Old Faithful Geyser, Yellowstone


Photo by Alfredo De Simone

When planning a family trip to Yellowstone National Park it is important to think like a child. Kids love things that are brightly colored and bold. They are attracted to things that are really big and really small. They take pleasure in things that leap and bound. They enjoy things that spout, sputter and stink. And they like to be the protagonist in all things they do.

Our list of top 10 things to do in Yellowstone with kids takes into account all of the above plus one. Kids don't like to do any one thing for great lengths of time. With that in mind we've mixed the activities so that you can work your way from one to ten without once hearing, 'Mom, I'm bored!'

1. Old Faithful & Upper Geyser Basin
Upper Geyser Basin is the best place in Yellowstone to see geysers erupt. It is home to Old Faithful, the best-known Yellowstone geyser, as well as five out of six predicted geysers in the park. What's more, Upper Geyser Basin boasts the highest concentration of geysers in the world. There are more than 150 of these hydrothermal features in just one square mile!

2. Watch Wildlife
Yellowstone may not be home to nomadic elephant herds or bushy-maned lions yet the wildlife at this U.S. National Park is no less exciting. Watch bison bulls shake the earth as they collide in battle. Observe gray wolves stalk their prey by wit and cunning. View grizzlies feasting on the labors of another species. Yellowstone is inhabited by all the same large mammals as at the end of the Pleistocene era. Black bear, coyote, red fox, mountain lion, moose, elk, pronghorn, mule deer, bighorn sheep, bald eagles, peregrine falcons, river otter and trumpeter swans are just a few of the animals and birds spotted here.

3. Mud Pots
There are three places in Yellowstone to see mud in action - Fountain Paint Pots, Artists' Paint Pots, and Mud Volcano. The mud pots at Fountain Paint Pots are Yellowstone's most easily reached pools of hot bubbling mud. The mud pots at Artists Paint Pots are the most fun to watch. And while Mud Volcano no longer erupts this hydrothermal area is the most eerily intriguing spot in Yellowstone National Park. Visit one but think twice before touring all three.

4. Ranger Adventure Hikes
The Ranger Adventure Hikes offered by the park rangers at Yellowstone are a great way to engage the kids and get beyond the boardwalk. One hike takes intrepid walkers to tranquil beaver ponds that hold the promise of sighting wildlife. While none of the hikes are specifically geared to families, kids are welcome on all excursions. Of note, these hikes aren't strolls. The shortest is 4 hours long.

5. Norris Geyser Basin
Norris Geyser Basin may not boast Old Faithful yet it is one of the best places in Yellowstone National Park to see hydrothermal features.
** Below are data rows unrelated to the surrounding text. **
(* Let $G$ be a closed graph on a compact metrizable space $X$. Then: (a) $P_G$ is $\sigma$-centered iff $\chi(G)\leq\aleph_0$; (b) $P_G$ is $\sigma$-liminf-centered iff $\lambda(G)\leq\aleph_0$.
   Context: A graph $G$ on $X$ is a symmetric irreflexive relation, closed if closed in $(X\times X)\setminus$ diagonal. A $G$-anticlique is a set with no two distinct $G$-connected points; $\chi(G)$ is the least size of a family of $G$-anticliques covering $X$. A set $A\subset X$ is $G$-loose if every $x\in X$ has an open neighborhood containing no elements of $A$ that are $G$-connected to $x$; $\lambda(G)$ is the least size of a family of $G$-loose sets covering $X$. $P_G$ is the poset of pairs $p=\langle a_p,o_p\rangle$ with $a_p\subset X$ a finite $G$-anticlique and $o_p\supset a_p$ open, ordered by $q\leq p$ iff $a_p\subset a_q$ and $o_q\subset o_p$. For a poset $P$, a set $A\subset P$ is centered if every finite $b\subset A$ has a common lower bound in $P$; $P$ is $\sigma$-centered if it is a countable union of centered sets. A set $A\subset P$ is liminf centered if for every sequence $\langle p_i\colon i\in\omega\rangle$ of elements of $A$ there is $q\in P$ such that for every $r\leq q$ the set $\{i\in\omega\colon p_i$ is compatible with $r\}$ is infinite; $P$ is $\sigma$-liminf-centered if it is a countable union of liminf centered sets. *)

theory Defs
  imports "HOL-Analysis.Analysis"
begin

definition is_graph :: "'a topology \<Rightarrow> ('a \<times> 'a) set \<Rightarrow> bool" where
  "is_graph T G \<longleftrightarrow> G \<subseteq> topspace T \<times> topspace T \<and> sym G \<and> (\<forall>x. (x, x) \<notin> G)"

definition closed_graph :: "'a topology \<Rightarrow> ('a \<times> 'a) set \<Rightarrow> bool" where
  "closed_graph T G \<longleftrightarrow> is_graph T G \<and>
     closedin (subtopology (prod_topology T T)
                 ((topspace T \<times> topspace T) - {(x, x) | x. True})) G"

definition anticlique :: "'a topology \<Rightarrow> ('a \<times> 'a) set \<Rightarrow> 'a set \<Rightarrow> bool" where
  "anticlique T G A \<longleftrightarrow> A \<subseteq> topspace T \<and> (\<forall>x\<in>A. \<forall>y\<in>A. x \<noteq> y \<longrightarrow> (x, y) \<notin> G)"

definition loose :: "'a topology \<Rightarrow> ('a \<times> 'a) set \<Rightarrow> 'a set \<Rightarrow> bool" where
  "loose T G A \<longleftrightarrow> A \<subseteq> topspace T \<and>
     (\<forall>x\<in>topspace T. \<exists>U. openin T U \<and> x \<in> U \<and> (\<forall>a\<in>A \<inter> U. (x, a) \<notin> G))"

definition chi_countable :: "'a topology \<Rightarrow> ('a \<times> 'a) set \<Rightarrow> bool" where
  "chi_countable T G \<longleftrightarrow> (\<exists>F. countable F \<and> (\<forall>A\<in>F. anticlique T G A) \<and> topspace T \<subseteq> \<Union>F)"

definition lambda_countable :: "'a topology \<Rightarrow> ('a \<times> 'a) set \<Rightarrow> bool" where
  "lambda_countable T G \<longleftrightarrow> (\<exists>F. countable F \<and> (\<forall>A\<in>F. loose T G A) \<and> topspace T \<subseteq> \<Union>F)"

definition PG :: "'a topology \<Rightarrow> ('a \<times> 'a) set \<Rightarrow> ('a set \<times> 'a set) set" where
  "PG T G = {(a, U). finite a \<and> anticlique T G a \<and> openin T U \<and> a \<subseteq> U}"

definition PG_le :: "('a set \<times> 'a set) \<Rightarrow> ('a set \<times> 'a set) \<Rightarrow> bool" where
  "PG_le q p \<longleftrightarrow> fst p \<subseteq> fst q \<and> snd q \<subseteq> snd p"

definition centered :: "'p set \<Rightarrow> ('p \<Rightarrow> 'p \<Rightarrow> bool) \<Rightarrow> 'p set \<Rightarrow> bool" where
  "centered P le A \<longleftrightarrow> A \<subseteq> P \<and>
     (\<forall>b. finite b \<and> b \<subseteq> A \<longrightarrow> (\<exists>q\<in>P. \<forall>p\<in>b. le q p))"

definition sigma_centered :: "'p set \<Rightarrow> ('p \<Rightarrow> 'p \<Rightarrow> bool) \<Rightarrow> bool" where
  "sigma_centered P le \<longleftrightarrow> (\<exists>F. countable F \<and> (\<forall>A\<in>F. centered P le A) \<and> \<Union>F = P)"

definition compatible :: "'p set \<Rightarrow> ('p \<Rightarrow> 'p \<Rightarrow> bool) \<Rightarrow> 'p \<Rightarrow> 'p \<Rightarrow> bool" where
  "compatible P le p r \<longleftrightarrow> (\<exists>s\<in>P. le s p \<and> le s r)"

definition liminf_centered :: "'p set \<Rightarrow> ('p \<Rightarrow> 'p \<Rightarrow> bool) \<Rightarrow> 'p set \<Rightarrow> bool" where
  "liminf_centered P le A \<longleftrightarrow> A \<subseteq> P \<and>
     (\<forall>s :: nat \<Rightarrow> 'p. range s \<subseteq> A \<longrightarrow>
        (\<exists>q\<in>P. \<forall>r\<in>P. le r q \<longrightarrow> infinite {i. compatible P le (s i) r}))"

definition sigma_liminf_centered :: "'p set \<Rightarrow> ('p \<Rightarrow> 'p \<Rightarrow> bool) \<Rightarrow> bool" where
  "sigma_liminf_centered P le \<longleftrightarrow>
     (\<exists>F. countable F \<and> (\<forall>A\<in>F. liminf_centered P le A) \<and> \<Union>F = P)"

end

theory Submission
  imports Defs
begin

(* A condition ({x}, X) is in P_G for every point x, so a countable family of centered
   (liminf centered) sets covering P_G gives, for each member C, the set of those x with
   ({x}, X) in C; centeredness makes it an anticlique, and liminf centeredness makes it loose,
   because a sequence of G-neighbours a_i converging to x cannot have the conditions
   ({a_i}, X) compatible with infinitely many extensions of a common condition.
   Conversely, fix a countable base and a countable cover by anticliques (loose sets). Every
   condition (a, o) lies in a piece indexed by finitely many triples (b, c, L): basic open
   sets with closure of b inside c inside o, pairwise G-unrelated c's, and a meeting each b
   in a single point of L. Conditions of one piece merge into a common extension. For a
   sequence in one piece, compactness gives cluster points y_(b,c,L) of the points in b,
   which lie in c and so form a condition q; since L is loose, below any r <= q infinitely
   many members of the sequence remain compatible with r. *)

lemma closed_graph_separation:
  assumes "closed_graph T G" and "z \<in> topspace T" and "w \<in> topspace T"
    and "z \<noteq> w" and "(z, w) \<notin> G"
  obtains V W where "openin T V" "openin T W" "z \<in> V" "w \<in> W" "\<forall>a\<in>V. \<forall>b\<in>W. (a, b) \<notin> G"
proof -
  let ?X = "topspace T \<times> topspace T"
  obtain D where D: "closedin (prod_topology T T) D" and G: "G = D \<inter> (?X - {(x, x) | x. True})"
    using assms(1) unfolding closed_graph_def closedin_subtopology by blast
  have "openin (prod_topology T T) (?X - D)"
    using D by (simp add: closedin_def)
  moreover have "(z, w) \<in> ?X - D"
    using assms(2-5) G by auto
  ultimately obtain V W where "openin T V" "openin T W" "z \<in> V" "w \<in> W" "V \<times> W \<subseteq> ?X - D"
    unfolding openin_prod_topology_alt by meson
  with G show thesis using that by blast
qed

lemma compact_space_cluster_point:
  assumes "compact_space Y" and "range f \<subseteq> topspace Y"
  obtains y where "y \<in> topspace Y" "\<And>U. openin Y U \<Longrightarrow> y \<in> U \<Longrightarrow> infinite {m::nat. f m \<in> U}"
proof -
  have "\<exists>y\<in>topspace Y. \<forall>U. openin Y U \<and> y \<in> U \<longrightarrow> infinite {m. f m \<in> U}"
  proof (rule ccontr)
    assume "\<not> ?thesis"
    then have ex: "\<forall>y\<in>topspace Y. \<exists>U. openin Y U \<and> y \<in> U \<and> finite {m. f m \<in> U}"
      by blast
    obtain U where U: "\<forall>y\<in>topspace Y. openin Y (U y) \<and> y \<in> U y \<and> finite {m. f m \<in> U y}"
      using bchoice[OF ex] by blast
    moreover have "topspace Y \<subseteq> \<Union>(U ` topspace Y)"
      using U by blast
    ultimately obtain \<F> where \<F>: "finite \<F>" "\<F> \<subseteq> U ` topspace Y" "topspace Y \<subseteq> \<Union>\<F>"
      using assms(1)[unfolded compact_space_alt, rule_format, of "U ` topspace Y"] U by blast
    have "UNIV \<subseteq> (\<Union>V\<in>\<F>. {m. f m \<in> V})"
    proof
      fix m
      have "f m \<in> \<Union>\<F>"
        using assms(2) \<F>(3) by auto
      then show "m \<in> (\<Union>V\<in>\<F>. {m. f m \<in> V})" by auto
    qed
    moreover have "finite (\<Union>V\<in>\<F>. {m. f m \<in> V})"
      using \<F> U by auto
    ultimately show False
      using finite_subset infinite_UNIV_nat by blast
  qed
  with that show thesis by blast
qed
Here are six reasons why. 1. Situated at the intersection of Hebgen Lake Fault, Norris-Mammoth Corridor and Yellowstone Caldera, Norris Basin is the hottest and most dynamic thermal area in Yellowstone. 2. The water chemistry at Norris is more diverse than elsewhere and includes acidic geysers, a rare phenomenon. 3. The colors created by thermophiles and minerals are a true rainbow of red, brown, yellow and green. 4. Silicon salts deposited over a multitude of millennium, 115 to be precise, have bleached the basin ash-white. 5. Steamboat Geyser, the tallest, active geyser in the world, erupts regularly to 40 ft (12m) in between its unpredictable spouts 300 ft (91m) high. 6. The wooden boardwalks at Norris Geyser Basin have none of the crowds found at Old Faithful.

6. Boiling River
Boiling River
is an off-map must. This five-star hot tub, one of only two safe (and legal) soaks in Yellowstone, offers a fun break from family touring. Amble the paved ½-mile trail. Watch birds, bison and elk. Soak in a natural spa, a mix of hot (hot spring stream) and cold (Gardner River).

7. Mammoth Hot Springs
The white mountain of travertine is the main attraction at the Mammoth Hot Springs. This fast-changing hydrothermal area, one of the few active travertine terraces in the world, is thousands of years in the making. Marvel at the ornate step-like formation known as Minerva Terrace. Learn about thermophiles - heat-loving organisms that color hot spring pools orange, brown, yellow and green - at Canary Spring. Calculate the length of time it will take Opal Terrace to encroach on the nearby historic house. (Hint: Opal Terrace deposits 1 foot or 0.3 m of travertine a year.)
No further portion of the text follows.